DIRECTIONS FOR THIS TASK: In the records below, begin at the line containing "w) \<in> products" and end at the line containing "obtain b c w"; quote every line in that span exactly, including both boundary lines, and no others.

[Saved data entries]

text \<open>A factor (d a) either opens the cycle of a, closes it, or merges a second cycle into it;
  in the middle case the length drops by two and is restored by a redundant factor g g = id.\<close>

lemma splice_out_step_through:
  assumes d: "d \<in> S - {a}" and w: "w permutes S" and nonempty: "transpositions (S - {a}) \<noteq> {}"
    and IH: "splice_out a w \<in> products (transpositions (S - {a})) (if w a = a then r else r - 1)"
    and r_pos: "w a \<noteq> a \<Longrightarrow> 0 < r"
  shows "splice_out a (transpose d a \<circ> w)
    \<in> products (transpositions (S - {a})) (if (transpose d a \<circ> w) a = a then Suc r else r)"
proof -
  let ?T = "transpositions (S - {a})"
  have splice: "splice_out a (transpose d a \<circ> w) =
      (if w a = a \<or> w a = d then splice_out a w else transpose d (w a) \<circ> splice_out a w)"
    using d permutes_inj[OF w] by (intro splice_out_transpose_comp_through) auto
  consider "w a = a" | "w a = d" | "w a \<noteq> a" "w a \<noteq> d"
    by blast
  then show ?thesis
  proof cases
    case 1
    then show ?thesis
      using IH splice d by simp
  next
    case 2
    obtain g where g: "g \<in> ?T"
      using nonempty by blast
    then have "g \<circ> g = id"
      by (auto simp: transpositions_def)
    moreover have "splice_out a w \<in> products ?T (r - 1)"
      using IH 2 d by simp
    ultimately have "splice_out a w \<in> products ?T (Suc (Suc (r - 1)))"
      using g by (intro products_Suc_Suc_involution)
    then show ?thesis
      using 2 d r_pos splice by simp
  next
    case 3
    then have "w a \<in> S - {a}"
      using w by (auto simp: permutes_in_image dest: permutes_not_in)
    with 3 d have "transpose d (w a) \<in> ?T"
      by (auto intro: transpose_in_transpositions)
    then have "splice_out a (transpose d a \<circ> w) \<in> products ?T (Suc (r - 1))"
      using IH 3 splice unfolding products_Suc_left by auto
    then show ?thesis
      using 3 r_pos by (simp add: transpose_def)
  qed
qed

lemma splice_out_products_transpositions:
  assumes "q \<in> products (transpositions S) r" and nonempty: "transpositions (S - {a}) \<noteq> {}"
  shows "splice_out a q \<in> products (transpositions (S - {a})) (if q a = a then r else r - 1)"
  using assms(1)
proof (induction r arbitrary: q)
  case (Suc r)
  obtain b c w where bc: "b \<in> S" "c \<in> S" "b \<noteq> c" and w: "w \<in> products (transpositions S) r"
    and q: "q = transpose b c \<circ> w"
    using Suc.prems by (auto simp: products_Suc_left transpositions_def)
  note step_hyps = Suc.IH[OF w] products_moving_imp_pos[OF w, of a]
  have w_perm: "w permutes S"
    using w by (rule permutes_products_transpositions)
  consider "b \<noteq> a" "c \<noteq> a" | "b = a" | "c = a"
    by blast
  then show ?case
  proof cases
    case 1
    then show ?thesis
      unfolding q diff_Suc_1 using bc
      by (intro splice_out_step_away[OF _ _ bc(3) permutes_inj[OF w_perm] step_hyps]) auto
  next
    case 2
    then show ?thesis
      unfolding q diff_Suc_1 2 transpose_commute[of a c]
      using bc 2 by (intro splice_out_step_through[OF _ w_perm nonempty step_hyps]) auto
  next
    case 3
    then show ?thesis
      unfolding q diff_Suc_1 3
      using bc 3 by (intro splice_out_step_through[OF _ w_perm nonempty step_hyps]) auto
  qed
qed simp

section \<open>The generating set T(A_k)\<close>

abbreviation s12 :: "nat \<Rightarrow> nat" where
  "s12 \<equiv> transpose 1 2"

lemma Icc_minus_last: "{1..n} - {n} = {1..n - 1 :: nat}"
  by auto

lemma transpose_12_in_transpositions: "2 \<le> k \<Longrightarrow> s12 \<in> transpositions {1..k}"
  by (simp add: transpose_in_transpositions)

lemma transpositions_Icc_minus_last_nonempty: "3 \<le> (n::nat) \<Longrightarrow> transpositions ({1..n} - {n}) \<noteq> {}"
  unfolding Icc_minus_last using transpose_12_in_transpositions[of "n - 1"] by fastforce

lemma funpow_transpose_apply_other: "x \<noteq> a \<Longrightarrow> x \<noteq> b \<Longrightarrow> (transpose a b ^^ r) x = x"
  by (induction r) auto

lemma transpositions_Icc_ordered:
  "transpositions {1..k} = {transpose i j | i j. 1 \<le> i \<and> i < j \<and> j \<le> (k::nat)}"
proof -
  have "\<exists>i' j'. transpose i j = transpose i' j' \<and> 1 \<le> i' \<and> i' < j' \<and> j' \<le> k"
    if "i \<in> {1..k}" "j \<in> {1..k}" "i \<noteq> j" for i j
    using that by (metis atLeastAtMost_iff linorder_neqE_nat transpose_commute)
  then show ?thesis
    unfolding transpositions_def by fastforce
qed

lemma Tgen_eq_image: "Tgen k = (\<circ>) s12 ` transpositions {1..k}"
  unfolding Tgen_def transpositions_Icc_ordered by blast

lemma Tgen_mono: "k \<le> l \<Longrightarrow> Tgen k \<subseteq> Tgen l"
  unfolding Tgen_def by fastforce

lemma products_Tgen_iff:
  "2 \<le> k \<Longrightarrow> v \<in> products (Tgen k) r \<longleftrightarrow> v \<circ> s12 ^^ r \<in> products (transpositions {1..k}) r"
  unfolding Tgen_eq_image by (rule products_twisted) (auto intro: transpositions_conj_closed)

lemma altgrp_in_products_Tgen:
  assumes "2 \<le> k" "u \<in> altgrp k"
  shows "\<exists>r. u \<in> products (Tgen k) r"
proof -
  obtain r where r: "u \<in> products (transpositions {1..k}) r"
    using assms(2) permutes_in_products_transpositions by (auto simp: altgrp_def)
  then have "even r"
    using assms(2) evenperm_products_transpositions by (auto simp: altgrp_def)
  then have "s12 ^^ r = id"
    by (simp add: funpow_even_involution)
  with r show ?thesis
    using products_Tgen_iff[OF assms(1)] by (metis comp_id)
qed

lemma products_Tgen_restrict:
  assumes n: "3 \<le> n" and u: "u permutes {1..n - 1}"
  shows "u \<in> products (Tgen n) r \<longleftrightarrow> u \<in> products (Tgen (n - 1)) r"
proof
  assume "u \<in> products (Tgen (n - 1)) r"
  then show "u \<in> products (Tgen n) r"
    using products_mono[OF Tgen_mono[of "n - 1" n]] by auto
next
  assume "u \<in> products (Tgen n) r"
  then have q: "u \<circ> s12 ^^ r \<in> products (transpositions {1..n}) r"
    using products_Tgen_iff n by simp
  have q_fixed: "(u \<circ> s12 ^^ r) n = n"
    using n u by (simp add: funpow_transpose_apply_other permutes_not_in)
  then have "splice_out n (u \<circ> s12 ^^ r) = u \<circ> s12 ^^ r"
    using permutes_inj[OF permutes_products_transpositions[OF q]]
    by (rule splice_out_fixed[rotated])
  then have "u \<circ> s12 ^^ r \<in> products (transpositions ({1..n} - {n})) r"
    using splice_out_products_transpositions[OF q transpositions_Icc_minus_last_nonempty[OF n]]
      q_fixed
    by simp
  then have "u \<circ> s12 ^^ r \<in> products (transpositions {1..n - 1}) r"
    unfolding Icc_minus_last .
  then show "u \<in> products (Tgen (n - 1)) r"
    using products_Tgen_iff[of "n - 1"] n by simp
qed

lemma comp_R_moves_last:
  assumes "3 \<le> n" "u permutes {1..n - 1}" "1 \<le> j" "j < n"
  shows "(u \<circ> (s12 \<circ> transpose j n)) n \<noteq> n"
proof -
  have "s12 j \<in> {1..n - 1}"
    using assms by (auto simp: transpose_def)
  then have "u (s12 j) \<in> {1..n - 1}"
    using permutes_in_image[OF assms(2)] by blast
  then show ?thesis
    by auto
qed

lemma products_Tgen_comp_R:
  assumes n: "3 \<le> n" and u: "u permutes {1..n - 1}" and j: "1 \<le> j" "j < n"
  shows "u \<circ> (s12 \<circ> transpose j n) \<in> products (Tgen n) (Suc r) \<longleftrightarrow>
    u \<in> products (Tgen (n - 1)) r"
proof
  assume "u \<in> products (Tgen (n - 1)) r"
  moreover have "s12 \<circ> transpose j n \<in> Tgen n"
    using j unfolding Tgen_def by blast
  ultimately show "u \<circ> (s12 \<circ> transpose j n) \<in> products (Tgen n) (Suc r)"
    using products_Tgen_restrict[OF n u] products_Suc_right by blast
next
  let ?q = "u \<circ> (s12 \<circ> transpose j n) \<circ> s12 ^^ Suc r"
  assume "u \<circ> (s12 \<circ> transpose j n) \<in> products (Tgen n) (Suc r)"
  then have q: "?q \<in> products (transpositions {1..n}) (Suc r)"
    using products_Tgen_iff n by simp
  have "?q = u \<circ> (s12 \<circ> transpose j n \<circ> s12) \<circ> s12 ^^ r"
    by (simp add: comp_assoc)
  also have "\<dots> = u \<circ> transpose (s12 j) n \<circ> s12 ^^ r"
    using n by (simp add: transpose_conj)
  finally have "splice_out n ?q = u \<circ> s12 ^^ r"
    using n j u by (simp add: splice_out_comp_transpose_comp permutes_inj permutes_not_in
        funpow_transpose_apply_other transpose_def)
  moreover have "?q n \<noteq> n"
    using comp_R_moves_last[OF n u j] n by (simp add: funpow_transpose_apply_other)
  ultimately have "u \<circ> s12 ^^ r \<in> products (transpositions ({1..n} - {n})) r"
    using splice_out_products_transpositions[OF q transpositions_Icc_minus_last_nonempty[OF n]]
    by simp
  then have "u \<circ> s12 ^^ r \<in> products (transpositions {1..n - 1}) r"
    unfolding Icc_minus_last .
  then show "u \<in> products (Tgen (n - 1)) r"
    using products_Tgen_iff[of "n - 1"] n by simp
qed

section \<open>The decomposition of A(n, m)\<close>

lemma lenT_restrict: "3 \<le> n \<Longrightarrow> u permutes {1..n - 1} \<Longrightarrow> lenT n u = lenT (n - 1) u"
  by (simp add: lenT_eq_Least_products products_Tgen_restrict)

lemma lenT_comp_R:
  assumes n: "3 \<le> n" and u: "u \<in> altgrp (n - 1)" and j: "1 \<le> j" "j < n"
  shows "lenT n (u \<circ> (s12 \<circ> transpose j n)) = Suc (lenT (n - 1) u)"
proof -
  let ?v = "u \<circ> (s12 \<circ> transpose j n)"
  have u_perm: "u permutes {1..n - 1}"
    using u by (simp add: altgrp_def)
  have "2 \<le> n - 1"
    using n by simp
  then obtain r where "u \<in> products (Tgen (n - 1)) r"
    using altgrp_in_products_Tgen[OF _ u] by blast
  then have "?v \<in> products (Tgen n) (Suc r)"
    using products_Tgen_comp_R[OF n u_perm j] by simp
  moreover have "?v \<notin> products (Tgen n) 0"
    using comp_R_moves_last[OF n u_perm j] by (metis id_apply products_0 singletonD)
  ultimately have "lenT n ?v = Suc (LEAST r. ?v \<in> products (Tgen n) (Suc r))"
    unfolding lenT_eq_Least_products by (rule Least_Suc)
  also have "\<dots> = Suc (lenT (n - 1) u)"
    unfolding lenT_eq_Least_products products_Tgen_comp_R[OF n u_perm j] ..
  finally show ?thesis .
qed

lemma altgrp_comp: "p \<in> altgrp k \<Longrightarrow> q \<in> altgrp k \<Longrightarrow> p \<circ> q \<in> altgrp k"
  unfolding altgrp_def
  by (auto intro: permutes_compose
      simp: evenperm_comp permutes_imp_permutation[OF finite_atLeastAtMost])

lemma transpose_comp_transpose_in_altgrp:
  assumes "a \<in> {1..k}" "b \<in> {1..k}" "c \<in> {1..k}" "d \<in> {1..k}" "a \<noteq> b" "c \<noteq> d"
  shows "transpose a b \<circ> transpose c d \<in> altgrp k"
proof -
  have "transpose a b permutes {1..k}" "transpose c d permutes {1..k}"
    using assms(1-4) by (simp_all only: permutes_swap_id)
  then show ?thesis
    using assms(5,6) unfolding altgrp_def
    by (simp add: permutes_compose evenperm_comp permutation_swap_id evenperm_swap)
qed

lemma altgrp_pred_iff: "v \<in> altgrp (n - 1) \<longleftrightarrow> v \<in> altgrp n \<and> v n = n"
proof
  assume v: "v \<in> altgrp (n - 1)"
  then have v_perm: "v permutes {1..n - 1}"
    by (simp add: altgrp_def)
  then have "v permutes {1..n}"
    by (rule permutes_subset) auto
  moreover have "v n = n"
    using v_perm by (rule permutes_not_in) auto
  ultimately show "v \<in> altgrp n \<and> v n = n"
    using v by (simp add: altgrp_def)
next
  assume v: "v \<in> altgrp n \<and> v n = n"
  then have "v permutes {1..n}"
    by (simp add: altgrp_def)
  then have "v permutes {1..n - 1}"
  proof (rule permutes_superset)
    fix x
    assume "x \<in> {1..n} - {1..n - 1}"
    then have "x = n"
      by auto
    then show "v x = x"
      using v by simp
  qed
  then show "v \<in> altgrp (n - 1)"
    using v by (simp add: altgrp_def)
qed
(* Fix a positive integer $n$, a nonzero $n$-partition $\lambda$ with $\lambda_n=0$, an $n$-semistandard tableau $T$ of shape $\lambda$, and $1\le h\le d+1$. Then for every location $(j,i)\ge(\beta_h,1)$ (in reading order) at which $\pi^{(j,i)}$ is defined, we have $\pi^{(j,i)}_{\zeta_{h-1}+1}<\dots<\pi^{(j,i)}_{\zeta_h}$.
   Context: Identify $\lambda=(\lambda_1,\dots,\lambda_n)$ (weakly decreasing nonnegative integers, $\lambda_n=0$, $\lambda\ne0$) with its Young diagram; $c_j$ is the length of column $j$. Let $\zeta_1<\dots<\zeta_d$ be the distinct column lengths, $\zeta_0:=0$, $\zeta_{d+1}:=n$; for $1\le h\le d$ let $\beta_h$ be the index of the rightmost column of length $\zeta_h$, and $\beta_{d+1}:=1$. Write $(j,i)$ for the box in column $j$, row $i$. Reading order: $(l,k)\le(j,i)$ iff $l<j$, or $l=j$ and $k\ge i$; convention $(j,c_j+1)$ means $(j-1,1)$. An $n$-semistandard tableau $T$ of shape $\lambda$ has entries in $[n]$, weakly increasing along rows, strictly increasing down columns; $T(j,i)$ is its entry, $C_j$ its $j$-th column. Permutations are in one-line form. Greedy procedure: $\pi^{(1,1)}$ has first $c_1$ entries those of $C_1$ increasing, followed by the rest of $[n]$ increasing. For $(j,i)$ with $j\ge2$ in reading order from $(2,c_2)$ to $(\lambda_1,1)$, define $\pi^{(j,i)}$ from $\pi:=\pi^{(j,i+1)}$: if $T(j-1,i)=T(j,i)$ set $\pi^{(j,i)}=\pi$; otherwise let $i_0=i$, and given $i_{x-1}$ with $\pi_{i_{x-1}}<T(j,i)$ let $i_x$ be the smallest index $>c_j$ with $\pi_{i_{x-1}}<\pi_{i_x}\le T(j,i)$, stopping at $i_m$ with $\pi_{i_m}=T(j,i)$; set $\pi^{(j,i)}_{i_x}=\pi_{i_{x-1}}$ ($1\le x\le m$), $\pi^{(j,i)}_{i_0}=\pi_{i_m}$, others unchanged. Thus $\pi^{(j,i)}$ is defined at $(1,1)$ and at all $(j,i)$ with $j\ge2$. *)

theory Defs
  imports Main
begin
(* Let $\mathcal L$ be a factorial and almost prolongable language over a finite alphabet whose complexity function $p$ is unbounded and grows subexponentially. Then there exists an increasing sequence of positive integers $(n_d)_d$ such that the Rauzy graphs $R(n_d)$ converge to the line $\mathbf Z$ in the Benjamini–Schramm sense.
   Context: $\mathcal L_n=\mathcal L\cap\mathcal A^n$, $p(n)=|\mathcal L_n|$; $p$ grows subexponentially if $\lim_n\frac1n\log p(n)=0$. $\mathcal L$ is factorial if every subword of a word of $\mathcal L$ lies in $\mathcal L$. A word $v\in\mathcal L$ is left-prolongable (resp. right-prolongable) if $av\in\mathcal L$ (resp. $va\in\mathcal L$) for some letter $a$; $\mathcal L$ is almost prolongable if the proportions of left-prolongable and of right-prolongable words in $\mathcal L_n$ both tend to $1$. The Rauzy graph $R(n)$ has vertex set $\mathcal L_n$ and, for each $aub\in\mathcal L_{n+1}$ ($a,b$ letters), one edge between $au$ and $ub$ (loops and multiple edges allowed). Convergence to $\mathbf Z$ means: for each $r$, the proportion of vertices whose ball of radius $r$ is isomorphic to the ball of radius $r$ in the bi-infinite path tends to $1$. *)

theory Defs
  imports Complex_Main
begin
lemma (in Metric_space) mtotally_bounded_of_finite_nets:
  assumes "S \<subseteq> M" and nets: "\<And>\<epsilon>. \<epsilon> > 0 \<Longrightarrow> \<exists>K. finite K \<and> K \<subseteq> M \<and> S \<subseteq> (\<Union>x\<in>K. mball x \<epsilon>)"
  shows "mtotally_bounded S"
  unfolding mtotally_bounded_def
proof (intro allI impI)
  fix \<epsilon> :: real assume "\<epsilon> > 0"
  then obtain K where K: "finite K" "K \<subseteq> M" "S \<subseteq> (\<Union>x\<in>K. mball x (\<epsilon>/2))"
    using nets[of "\<epsilon>/2"] by auto
  define K' where "K' = {x \<in> K. mball x (\<epsilon>/2) \<inter> S \<noteq> {}}"
  have "\<forall>x\<in>K'. \<exists>y. y \<in> mball x (\<epsilon>/2) \<inter> S"
    unfolding K'_def by blast
  from bchoice[OF this] obtain p where p: "\<forall>x\<in>K'. p x \<in> mball x (\<epsilon>/2) \<inter> S" ..
  show "\<exists>K. finite K \<and> K \<subseteq> S \<and> S \<subseteq> (\<Union>x\<in>K. mball x \<epsilon>)"
  proof (intro exI conjI)
    show "finite (p ` K')"
      using K(1) by (simp add: K'_def)
    show "p ` K' \<subseteq> S"
      using p by blast
    show "S \<subseteq> (\<Union>y\<in>p ` K'. mball y \<epsilon>)"
    proof
      fix s assume "s \<in> S"
      then obtain x where x: "x \<in> K" "s \<in> mball x (\<epsilon>/2)"
        using K(3) by blast
      then have "x \<in> K'"
        using \<open>s \<in> S\<close> by (auto simp: K'_def)
      then have px: "p x \<in> mball x (\<epsilon>/2)" "p x \<in> S"
        using p by blast+
      have "d (p x) s \<le> d (p x) x + d x s"
        using px x by (intro triangle) auto
      also have "\<dots> < \<epsilon>"
        using px x by (simp add: commute)
      finally have "s \<in> mball (p x) \<epsilon>"
        using px x by simp
      then show "s \<in> (\<Union>y\<in>p ` K'. mball y \<epsilon>)"
        using \<open>x \<in> K'\<close> by blast
    qed
  qed
qed

text \<open>Off \<^term>\<open>quotient_space J\<close> the value of \<^const>\<open>qdist\<close> may be an infimum over the empty set,
  which is unspecified; cutting it to \<open>0\<close> there makes the global axioms of
  \<^locale>\<open>Metric_space\<close> hold.\<close>

definition quotient_dist :: "'a::real_normed_vector set \<Rightarrow> 'a set \<Rightarrow> 'a set \<Rightarrow> real" where
  "quotient_dist J C D = (if C \<in> quotient_space J \<and> D \<in> quotient_space J then qdist C D else 0)"

lemma quotient_dist_qmap [simp]:
  fixes J :: "'a::real_normed_vector set"
  assumes "subspace J"
  shows "quotient_dist J (qmap J u) (qmap J v) = infdist (u - v) J"
  by (simp add: quotient_dist_def qdist_qmap[OF assms])

locale closed_subspace =
  fixes J :: "'a::banach set"
  assumes subspace: "subspace J" and closed: "closed J"
begin

sublocale Q: Metric_space "quotient_space J" "quotient_dist J"
proof
  fix C D E
  show "0 \<le> quotient_dist J C D"
    by (auto simp: quotient_dist_def quotient_space_def qdist_qmap[OF subspace] infdist_nonneg)
  show "quotient_dist J C D = quotient_dist J D C"
    by (auto simp: quotient_dist_def quotient_space_def qdist_qmap[OF subspace]
        infdist_subspace_minus_commute[OF subspace])
  assume "C \<in> quotient_space J" "D \<in> quotient_space J"
  then obtain u v where C: "C = qmap J u" and D: "D = qmap J v"
    by (metis quotient_spaceE)
  have "J \<noteq> {}"
    using subspace_0[OF subspace] by blast
  then show "quotient_dist J C D = 0 \<longleftrightarrow> C = D"
    unfolding C D by (simp add: subspace qmap_eq_iff in_closed_iff_infdist_zero[OF closed])
  assume "E \<in> quotient_space J"
  then obtain w where E: "E = qmap J w"
    by (rule quotient_spaceE)
  show "quotient_dist J C E \<le> quotient_dist J C D + quotient_dist J D E"
    using infdist_subspace_add_le[OF subspace, of "u - v" "v - w"] unfolding C D E by (simp add: subspace)
qed

lemma limitin_qmap:
  assumes "u \<longlonglongrightarrow> U"
  shows "limitin Q.mtopology (\<lambda>n. qmap J (u n)) (qmap J U) sequentially"
  unfolding Q.limitin_metric_dist_null
proof (intro conjI always_eventually allI qmap_in_quotient_space)
  have "(\<lambda>n. norm (u n - U)) \<longlonglongrightarrow> 0"
    using assms by (simp add: LIM_zero_iff tendsto_norm_zero)
  then show "(\<lambda>n. quotient_dist J (qmap J (u n)) (qmap J U)) \<longlonglongrightarrow> 0"
    by (rule Lim_null_comparison[rotated])
      (simp add: subspace infdist_nonneg infdist_subspace_le_norm)
qed

lemma mcomplete_quotient: "Q.mcomplete"
  unfolding Q.mcomplete_def
proof (intro allI impI)
  fix \<sigma> assume "Q.MCauchy \<sigma>"
  then obtain r where r: "strict_mono r"
    and fast: "\<And>k. quotient_dist J (\<sigma> (r k)) (\<sigma> (r (Suc k))) < (1/2)^k"
    using Q.MCauchy_fast_subsequence by blast
  have "range \<sigma> \<subseteq> quotient_space J"
    using \<open>Q.MCauchy \<sigma>\<close> by (simp add: Q.MCauchy_def)
  then have "\<forall>k. \<exists>v. \<sigma> (r k) = qmap J v"
    unfolding quotient_space_def by blast
  then obtain v where v: "\<And>k. \<sigma> (r k) = qmap J (v k)"
    by metis
  have "summable (\<lambda>k. infdist (v (Suc k) - v k) J)"
  proof (rule summable_comparison_test'[where N=0])
    show "summable (\<lambda>k. (1/2::real)^k)"
      by simp
    show "norm (infdist (v (Suc k) - v k) J) \<le> (1/2)^k" for k
      using fast[of k] by (simp add: v subspace infdist_nonneg infdist_subspace_minus_commute)
  qed
  then obtain u where u: "\<And>k. u k - v k \<in> J" and "convergent u"
    using subspace_lift_convergent[OF subspace] by blast
  then obtain U where "u \<longlonglongrightarrow> U"
    by (auto simp: convergent_def)
  moreover have "qmap J (u k) = \<sigma> (r k)" for k
    using u by (simp add: v qmap_eq_iff[OF subspace])
  then have "\<sigma> \<circ> r = (\<lambda>k. qmap J (u k))"
    by auto
  ultimately have "limitin Q.mtopology (\<sigma> \<circ> r) (qmap J U) sequentially"
    by (simp add: limitin_qmap)
  then show "\<exists>C. limitin Q.mtopology \<sigma> C sequentially"
    using Q.MCauchy_convergent_subsequence[OF \<open>Q.MCauchy \<sigma>\<close> r] by blast
qed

TASK ANSWER:
    then have "splice_out a (transpose d a \<circ> w) \<in> products ?T (Suc (r - 1))"
      using IH 3 splice unfolding products_Suc_left by auto
    then show ?thesis
      using 3 r_pos by (simp add: transpose_def)
  qed
qed

lemma splice_out_products_transpositions:
  assumes "q \<in> products (transpositions S) r" and nonempty: "transpositions (S - {a}) \<noteq> {}"
  shows "splice_out a q \<in> products (transpositions (S - {a})) (if q a = a then r else r - 1)"
  using assms(1)
proof (induction r arbitrary: q)
  case (Suc r)
  obtain b c w where bc: "b \<in> S" "c \<in> S" "b \<noteq> c" and w: "w \<in> products (transpositions S) r"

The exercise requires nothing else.